WHAT THE TASK REQUIRES:
Return only these lines, exactly: the one containing "theory Defs" and every line after it in the listing.

DATA FOR THIS EXERCISE:
(* Let $SI$, $UI$, $CI$ be a nonnegative bivariate information decomposition, let $\overline{SI}(S;X_1,X_2):=\sup_{f} SI(f(S);X_1,X_2)$ (supremum over all functions $f$ from the alphabet of $S$ to an arbitrary finite set), and let $\overline{UI}^*(S;X_1\setminus X_2):=I(S;X_1)-\overline{SI}(S;X_1,X_2)$. Suppose that $\overline{UI}^*(S;X_1\setminus X_2)=0$, and let $f^*$ be a function achieving the supremum defining $\overline{SI}(S;X_1,X_2)$. Then $X_1 - f^*(S) - S$ is a Markov chain (i.e. $X_1$ and $S$ are conditionally independent given $f^*(S)$), and $UI(f^*(S);X_1\setminus X_2)=0$.
   Context: All random variables have finite alphabets. A nonnegative bivariate information decomposition consists of nonnegative functions $SI(S;X_1,X_2)$, $UI(S;X_1\setminus X_2)$, $UI(S;X_2\setminus X_1)$, $CI(S;X_1,X_2)$, defined for every joint distribution of $(S,X_1,X_2)$ with arbitrary finite alphabets and depending continuously on it, such that $I(S;X_1X_2)=SI(S;X_1,X_2)+CI(S;X_1,X_2)+UI(S;X_1\setminus X_2)+UI(S;X_2\setminus X_1)$, $I(S;X_1)=SI(S;X_1,X_2)+UI(S;X_1\setminus X_2)$ and $I(S;X_2)=SI(S;X_1,X_2)+UI(S;X_2\setminus X_1)$, where $I$ denotes mutual information. *)

theory Defs
  imports "HOL-Probability.Probability_Mass_Function"
begin

text \<open>Joint distributions of (S, X1, X2). All finite alphabets are encoded as finite
  subsets of nat; a joint distribution is a pmf on nat \<times> nat \<times> nat with finite support.\<close>

type_synonym dist3 = "(nat \<times> nat \<times> nat) pmf"

definition prv :: "'w pmf \<Rightarrow> ('w \<Rightarrow> 'v) \<Rightarrow> 'v \<Rightarrow> real" where
  "prv p X x = measure_pmf.prob p {w. X w = x}"

definition mutual_info :: "'w pmf \<Rightarrow> ('w \<Rightarrow> 'a) \<Rightarrow> ('w \<Rightarrow> 'b) \<Rightarrow> real" where
  "mutual_info p X Y =
     (\<Sum>xy \<in> (\<lambda>w. (X w, Y w)) ` set_pmf p.
        prv p (\<lambda>w. (X w, Y w)) xy *
        log 2 (prv p (\<lambda>w. (X w, Y w)) xy / (prv p X (fst xy) * prv p Y (snd xy))))"

definition S_rv :: "nat \<times> nat \<times> nat \<Rightarrow> nat" where "S_rv w = fst w"
definition X1_rv :: "nat \<times> nat \<times> nat \<Rightarrow> nat" where "X1_rv w = fst (snd w)"
definition X2_rv :: "nat \<times> nat \<times> nat \<Rightarrow> nat" where "X2_rv w = snd (snd w)"
definition X12_rv :: "nat \<times> nat \<times> nat \<Rightarrow> nat \<times> nat" where "X12_rv w = snd w"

ANSWER FOR THIS EXERCISE:
theory Defs
  imports "HOL-Probability.Probability_Mass_Function"
begin

text \<open>Joint distributions of (S, X1, X2). All finite alphabets are encoded as finite
  subsets of nat; a joint distribution is a pmf on nat \<times> nat \<times> nat with finite support.\<close>

type_synonym dist3 = "(nat \<times> nat \<times> nat) pmf"

definition prv :: "'w pmf \<Rightarrow> ('w \<Rightarrow> 'v) \<Rightarrow> 'v \<Rightarrow> real" where
  "prv p X x = measure_pmf.prob p {w. X w = x}"

definition mutual_info :: "'w pmf \<Rightarrow> ('w \<Rightarrow> 'a) \<Rightarrow> ('w \<Rightarrow> 'b) \<Rightarrow> real" where
  "mutual_info p X Y =
     (\<Sum>xy \<in> (\<lambda>w. (X w, Y w)) ` set_pmf p.
        prv p (\<lambda>w. (X w, Y w)) xy *
        log 2 (prv p (\<lambda>w. (X w, Y w)) xy / (prv p X (fst xy) * prv p Y (snd xy))))"

definition S_rv :: "nat \<times> nat \<times> nat \<Rightarrow> nat" where "S_rv w = fst w"
definition X1_rv :: "nat \<times> nat \<times> nat \<Rightarrow> nat" where "X1_rv w = fst (snd w)"
definition X2_rv :: "nat \<times> nat \<times> nat \<Rightarrow> nat" where "X2_rv w = snd (snd w)"
definition X12_rv :: "nat \<times> nat \<times> nat \<Rightarrow> nat \<times> nat" where "X12_rv w = snd w"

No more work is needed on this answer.